Over a year later, on Oct. 19, 2011, the defendant was indicted for her wife’s murder. Rintala has consistently maintained her innocence.

The case has long drawn national attention due to Rintala being the first married lesbian charged with murdering her spouse in Massachusetts — the first U.S. state to legalize same-sex marriage.

Each of her first two trials, held in 2013 and 2014, ended with hung juries and mistrials were declared in Hampshire County. The Northwestern District Attorney’s Office was able to secure a first degree murder conviction and concomitant life sentence on the third go-round but the Massachusetts Supreme Judicial Court tossed that conviction and sentence as summer drew to a close in 2021.

The judges on the Bay State’s highest court said the prosecution’s lone-and-eventual successful effort against Rintala’s liberty relied on expert testimony about paint that wasn’t really so expert after all.

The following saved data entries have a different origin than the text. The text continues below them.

(* Let $H=(V,E)$ be a $3$-uniform quasi-eulerian hypergraph in which every vertex has odd degree. Then $|V|\le |E|$.
   Context: A hypergraph $H=(V,E)$ consists of a finite nonempty vertex set $V$, a finite edge set $E$ disjoint from $V$, and an incidence function assigning to each edge $e\in E$ a subset of $V$ (also denoted $e$); distinct edges may have the same vertex set. $H$ is $3$-uniform if $|e|=3$ for all $e\in E$. The degree of a vertex is the number of edges containing it. A walk is a sequence $W=v_0e_1v_1e_2\cdots e_kv_k$ with $v_i\in V$, $e_i\in E$, such that for each $i$, $v_{i-1}\ne v_i$ and $v_{i-1},v_i\in e_i$; the $v_i$ are its anchors. $W$ is closed if $k\ge 2$ and $v_0=v_k$; it is a strict trail if $e_1,\dots,e_k$ are pairwise distinct. An Euler family of $H$ is a family of closed strict trails such that every edge of $H$ lies in exactly one trail and no two trails have a common anchor; $H$ is quasi-eulerian if it has one. *)

theory Defs
  imports Main
begin

text \<open>A hypergraph: vertex set V, edge set E (edges are of a separate type, hence
  disjoint from V), and an incidence function inc assigning to each edge a set of vertices.\<close>
definition hypergraph :: "'v set \<Rightarrow> 'e set \<Rightarrow> ('e \<Rightarrow> 'v set) \<Rightarrow> bool" where
  "hypergraph V E inc \<longleftrightarrow> finite V \<and> V \<noteq> {} \<and> finite E \<and> (\<forall>e\<in>E. inc e \<subseteq> V)"

definition uniform3 :: "'e set \<Rightarrow> ('e \<Rightarrow> 'v set) \<Rightarrow> bool" where
  "uniform3 E inc \<longleftrightarrow> (\<forall>e\<in>E. card (inc e) = 3)"

definition hdegree :: "'e set \<Rightarrow> ('e \<Rightarrow> 'v set) \<Rightarrow> 'v \<Rightarrow> nat" where
  "hdegree E inc v = card {e\<in>E. v \<in> inc e}"

text \<open>A walk v0 e1 v1 ... ek vk is represented by the anchor list [v0,...,vk]
  and the edge list [e1,...,ek].\<close>
definition is_walk :: "'v set \<Rightarrow> 'e set \<Rightarrow> ('e \<Rightarrow> 'v set) \<Rightarrow> 'v list \<Rightarrow> 'e list \<Rightarrow> bool" where
  "is_walk V E inc vs es \<longleftrightarrow>
     length vs = length es + 1 \<and> set vs \<subseteq> V \<and> set es \<subseteq> E \<and>
     (\<forall>i < length es. vs ! i \<noteq> vs ! (i+1) \<and> vs ! i \<in> inc (es ! i) \<and> vs ! (i+1) \<in> inc (es ! i))"

definition closed_strict_trail :: "'v set \<Rightarrow> 'e set \<Rightarrow> ('e \<Rightarrow> 'v set) \<Rightarrow> 'v list \<Rightarrow> 'e list \<Rightarrow> bool" where
  "closed_strict_trail V E inc vs es \<longleftrightarrow>
     is_walk V E inc vs es \<and> length es \<ge> 2 \<and> hd vs = last vs \<and> distinct es"

definition euler_family :: "'v set \<Rightarrow> 'e set \<Rightarrow> ('e \<Rightarrow> 'v set) \<Rightarrow> ('v list \<times> 'e list) set \<Rightarrow> bool" where
  "euler_family V E inc F \<longleftrightarrow>
     (\<forall>(vs, es)\<in>F. closed_strict_trail V E inc vs es) \<and>
     (\<forall>e\<in>E. \<exists>!W. W \<in> F \<and> e \<in> set (snd W)) \<and>
     (\<forall>W1\<in>F. \<forall>W2\<in>F. W1 \<noteq> W2 \<longrightarrow> set (fst W1) \<inter> set (fst W2) = {})"

definition quasi_eulerian :: "'v set \<Rightarrow> 'e set \<Rightarrow> ('e \<Rightarrow> 'v set) \<Rightarrow> bool" where
  "quasi_eulerian V E inc \<longleftrightarrow> (\<exists>F. euler_family V E inc F)"

end

theory Submission
  imports Defs
begin

text \<open>Every edge of an Euler family is traversed exactly once, so exactly two of its three
  vertices are anchors of that traversal and one vertex is left over.  A closed trail, on the
  other hand, enters and leaves each of its anchors equally often, so every vertex is an anchor
  of an even number of edge traversals; hence a vertex of odd degree is the leftover vertex of
  at least one edge.  Each edge has exactly one leftover vertex, so there are at least as many
  edges as vertices.\<close>

lemma even_card_closed_walk_incidences:
  assumes "xs \<noteq> []" and "hd xs = last xs"
    and "\<forall>i. Suc i < length xs \<longrightarrow> xs ! i \<noteq> xs ! Suc i"
  shows "even (card {i. Suc i < length xs \<and> (xs ! i = v \<or> xs ! Suc i = v)})"
proof -
  define k where "k = length xs - 1"
  have len: "length xs = Suc k" using assms(1) by (simp add: k_def)
  define f :: "nat \<Rightarrow> nat" where "f i = of_bool (xs ! i = v)" for i
  have "f k = f 0"
    using assms(1,2) len by (simp add: f_def hd_conv_nth last_conv_nth)
  then have shift: "(\<Sum>i<k. f (Suc i)) = (\<Sum>i<k. f i)"
    using sum.lessThan_Suc_shift[of f k] sum.lessThan_Suc[of f k] by simp
  have "card {i. Suc i < length xs \<and> (xs ! i = v \<or> xs ! Suc i = v)}
      = (\<Sum>i<k. of_bool (xs ! i = v \<or> xs ! Suc i = v))"
    by (subst sum_of_bool_eq) (auto simp: len intro!: arg_cong[where f = card])
  also have "\<dots> = (\<Sum>i<k. f i + f (Suc i))"
    using assms(3) len by (intro sum.cong) (auto simp: f_def)
  also have "\<dots> = 2 * (\<Sum>i<k. f i)"
    by (simp add: sum.distrib shift)
  finally show ?thesis by simp
qed

definition anchor_of :: "('v list \<times> 'e list) set \<Rightarrow> 'v \<Rightarrow> 'e \<Rightarrow> bool" where
  "anchor_of F v e \<longleftrightarrow>
     (\<exists>(vs, es)\<in>F. \<exists>i < length es. es ! i = e \<and> (vs ! i = v \<or> vs ! Suc i = v))"

lemma euler_family_anchors_of_edge:
  assumes F: "euler_family V E inc F" and "e \<in> E"
  obtains u w where "u \<noteq> w" "u \<in> inc e" "w \<in> inc e" "{v. anchor_of F v e} = {u, w}"
proof -
  obtain vs es where W: "(vs, es) \<in> F" "e \<in> set es"
    and W_unique: "\<And>vs' es'. (vs', es') \<in> F \<Longrightarrow> e \<in> set es' \<Longrightarrow> (vs', es') = (vs, es)"
    using F \<open>e \<in> E\<close> unfolding euler_family_def by (metis prod.collapse snd_conv)
  have trail: "closed_strict_trail V E inc vs es"
    using F W(1) by (auto simp: euler_family_def)
  from W(2) obtain i where i: "i < length es" "es ! i = e" by (auto simp: in_set_conv_nth)
  have "vs ! i \<noteq> vs ! Suc i" "vs ! i \<in> inc e" "vs ! Suc i \<in> inc e"
    using trail i by (auto simp: closed_strict_trail_def is_walk_def)
  moreover have "{v. anchor_of F v e} = {vs ! i, vs ! Suc i}"
  proof
    show "{vs ! i, vs ! Suc i} \<subseteq> {v. anchor_of F v e}"
      using W(1) i unfolding anchor_of_def by fastforce
  next
    show "{v. anchor_of F v e} \<subseteq> {vs ! i, vs ! Suc i}"
    proof
      fix v assume "v \<in> {v. anchor_of F v e}"
      then obtain vs' es' j where j: "(vs', es') \<in> F" "j < length es'" "es' ! j = e"
          "vs' ! j = v \<or> vs' ! Suc j = v"
        unfolding anchor_of_def by blast
      then have "(vs', es') = (vs, es)" using W_unique by (metis nth_mem)
      moreover have "distinct es" using trail by (simp add: closed_strict_trail_def)
      ultimately have "j = i" using i j by (metis nth_eq_iff_index_eq prod.inject)
      then show "v \<in> {vs ! i, vs ! Suc i}" using j \<open>(vs', es') = (vs, es)\<close> by auto
    qed
  qed
  ultimately show thesis by (rule that)
qed

lemma euler_family_card_unanchored:
  assumes "euler_family V E inc F" and "e \<in> E" and "finite (inc e)"
  shows "card (inc e - {v. anchor_of F v e}) = card (inc e) - 2"
proof -
  obtain u w where "u \<noteq> w" "u \<in> inc e" "w \<in> inc e" "{v. anchor_of F v e} = {u, w}"
    using euler_family_anchors_of_edge assms(1,2) .
  then show ?thesis using assms(3) by (simp add: card_Diff_subset)
qed

lemma euler_family_anchored_edges_subset:
  assumes "euler_family V E inc F"
  shows "{e. anchor_of F v e} \<subseteq> {e \<in> E. v \<in> inc e}"
proof
  fix e assume "e \<in> {e. anchor_of F v e}"
  then obtain vs es i where "(vs, es) \<in> F" "i < length es" "es ! i = e"
      "vs ! i = v \<or> vs ! Suc i = v"
    unfolding anchor_of_def by blast
  moreover from this have "is_walk V E inc vs es"
    using assms by (auto simp: euler_family_def closed_strict_trail_def)
  ultimately show "e \<in> {e \<in> E. v \<in> inc e}"
    unfolding is_walk_def by (auto dest: nth_mem)
qed

lemma euler_family_anchor_in_trail:
  assumes "euler_family V E inc F" and "(vs, es) \<in> F" and "i < length es"
    and "vs ! i = v \<or> vs ! Suc i = v"
  shows "v \<in> set vs"
proof -
  have "length vs = length es + 1"
    using assms(1,2) by (auto simp: euler_family_def closed_strict_trail_def is_walk_def)
  then show ?thesis using assms(3,4) by (auto intro: nth_mem)
qed

lemma euler_family_anchored_edges_eq:
  assumes F: "euler_family V E inc F" and W: "(vs, es) \<in> F" "v \<in> set vs"
  shows "{e. anchor_of F v e} = nth es ` {i. i < length es \<and> (vs ! i = v \<or> vs ! Suc i = v)}"
proof
  show "nth es ` {i. i < length es \<and> (vs ! i = v \<or> vs ! Suc i = v)} \<subseteq> {e. anchor_of F v e}"
    using W(1) unfolding anchor_of_def by fastforce
next
  show "{e. anchor_of F v e} \<subseteq> nth es ` {i. i < length es \<and> (vs ! i = v \<or> vs ! Suc i = v)}"
  proof
    fix e assume "e \<in> {e. anchor_of F v e}"
    then obtain vs' es' i where i: "(vs', es') \<in> F" "i < length es'" "es' ! i = e"
        "vs' ! i = v \<or> vs' ! Suc i = v"
      unfolding anchor_of_def by blast
    have "v \<in> set vs'" using euler_family_anchor_in_trail[OF F i(1,2,4)] .
    then have "(vs', es') = (vs, es)"
      using F W i(1) unfolding euler_family_def by fastforce
    with i show "e \<in> nth es ` {i. i < length es \<and> (vs ! i = v \<or> vs ! Suc i = v)}"
      by auto
  qed
qed

lemma euler_family_even_card_anchored_edges:
  assumes F: "euler_family V E inc F"
  shows "even (card {e. anchor_of F v e})"
proof (cases "\<exists>(vs, es)\<in>F. v \<in> set vs")
  case False
  then have "{e. anchor_of F v e} = {}"
    unfolding anchor_of_def by (auto dest: euler_family_anchor_in_trail[OF F])
  then show ?thesis by simp
next
  case True
  then obtain vs es where W: "(vs, es) \<in> F" "v \<in> set vs" by blast
  have trail: "closed_strict_trail V E inc vs es"
    using F W(1) by (auto simp: euler_family_def)
  define I where "I = {i. i < length es \<and> (vs ! i = v \<or> vs ! Suc i = v)}"
  have "inj_on (nth es) I"
    using trail by (intro inj_on_nth) (auto simp: closed_strict_trail_def I_def)
  moreover have "even (card I)"
  proof -
    have "length vs = Suc (length es)" "vs \<noteq> []" "hd vs = last vs"
      "\<forall>i. Suc i < length vs \<longrightarrow> vs ! i \<noteq> vs ! Suc i"
      using trail by (auto simp: closed_strict_trail_def is_walk_def)
    then show ?thesis
      using even_card_closed_walk_incidences[of vs v] by (simp add: I_def)
  qed
  ultimately show ?thesis
    using euler_family_anchored_edges_eq[OF F W] by (simp add: I_def card_image)
qed

lemma euler_family_odd_degree_unanchored_edge:
  assumes F: "euler_family V E inc F" and "odd (hdegree E inc v)"
  obtains e where "e \<in> E" "v \<in> inc e" "\<not> anchor_of F v e"
proof -
  have "{e. anchor_of F v e} \<noteq> {e \<in> E. v \<in> inc e}"
    using euler_family_even_card_anchored_edges[OF F, of v] assms(2)
    by (auto simp: hdegree_def)
  then show thesis
    using euler_family_anchored_edges_subset[OF F, of v] that by blast
qed

theorem corollary2p40:
  fixes V :: "'v set" and E :: "'e set" and inc :: "'e \<Rightarrow> 'v set"
  assumes "hypergraph V E inc"
    and "uniform3 E inc"
    and "quasi_eulerian V E inc"
    and "\<forall>v\<in>V. odd (hdegree E inc v)"
  shows "card V \<le> card E"
proof -
  obtain F where F: "euler_family V E inc F"
    using assms(3) by (auto simp: quasi_eulerian_def)
  have "finite E" using assms(1) by (simp add: hypergraph_def)
  define leftover where "leftover e = inc e - {v. anchor_of F v e}" for e
  have card_leftover: "card (leftover e) = 1" if "e \<in> E" for e
  proof -
    have "card (inc e) = 3" using assms(2) that by (simp add: uniform3_def)
    moreover from this have "finite (inc e)" by (intro card_ge_0_finite) simp
    ultimately show ?thesis
      using euler_family_card_unanchored[OF F that] by (simp add: leftover_def)
  qed
  have "V \<subseteq> (\<Union>e\<in>E. leftover e)"
  proof
    fix v assume "v \<in> V"
    then obtain e where "e \<in> E" "v \<in> inc e" "\<not> anchor_of F v e"
      using euler_family_odd_degree_unanchored_edge[OF F] assms(4) by blast
    then show "v \<in> (\<Union>e\<in>E. leftover e)" by (auto simp: leftover_def)
  qed
  moreover have "finite (leftover e)" if "e \<in> E" for e
    using card_leftover[OF that] by (intro card_ge_0_finite) simp
  ultimately have "card V \<le> card (\<Union>e\<in>E. leftover e)"
    using \<open>finite E\<close> by (intro card_mono finite_UN_I) auto
  also have "\<dots> \<le> (\<Sum>e\<in>E. card (leftover e))"
    using \<open>finite E\<close> by (rule card_UN_le)
  also have "\<dots> = card E"
    using card_leftover by simp
  finally show ?thesis .
qed

end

The third fumble in as many tries was because Deputy DA Jennifer Suhl and her team called to the stand David Guilianelli, whom the court described as “a quality engineer at the company that manufactured the paint found at the crime scene” to opine on paint-related issues. During his testimony, he told jurors, in the court’s words that “the paint found at the crime scene was poured deliberately and not spilled and that the paint was poured no more than four hours before photographs were taken of the crime scene just after 9 p.m.”

The court found Guilianelli’s testimony was erroneous because, to the extent it was based on anything more than his own opinion, it mainly relied on a small number of non-scientific experiments. In those six experiments, the would-be expert compared paint drying times on standard paint industry charts under a few different conditions.

Flaws abounded with this approach. The court explained:

Guilianelli testified that he had never done an experiment like this before, nor had anyone in his company. He had never testified about paint drying in any court proceeding and was not aware of any other instance of such testimony. He also did not do any research on the topic or search for any academic or industry materials on this topic. Rather than flowing naturally from his work, therefore, his experiments greatly differed from the work he ordinarily performed and the observations he had experience making, and his opinions were developed solely to assist the Commonwealth’s prosecution of the defendant.

Guilianelli’s experiments also did not take into account the surface upon which the paint was found, a dead body and concrete, as opposed to a sealed chart. He also did not account and control for the disturbances in the paint caused by the defendant and first responders. To the extent he considered temperature and humidity, he was dependent on the accuracy of the readings at the crime scene, which were not verified.

This time, the prosecution will be helmed by Northwestern First Assistant District Attorney Steven E. Gagne. The defendant is currently represented by Boston-based attorneys Chauncy Wood and Rosemary Scapicchio.

Wood told Law&Crime the defense would not be making any comments or releasing any kind of a statement.

“Murder cases are the most serious cases this office handles,” First Assistant DA Steven Gagne said after the fourth trial was scheduled last Friday, according to the Daily Hampshire Gazette. “We believe very strongly in our case and we are committed to obtaining justice for the victim and her family.”

The defendant is currently living with her elderly parents and teenage daughter in the Plantation State. She was released on $50,000 cash bail or a $500,000 personal surety by Hampshire Superior Court Judge Richard Carey without objection from the state. Rintala’s legal team posted the cash bail immediately after that hearing.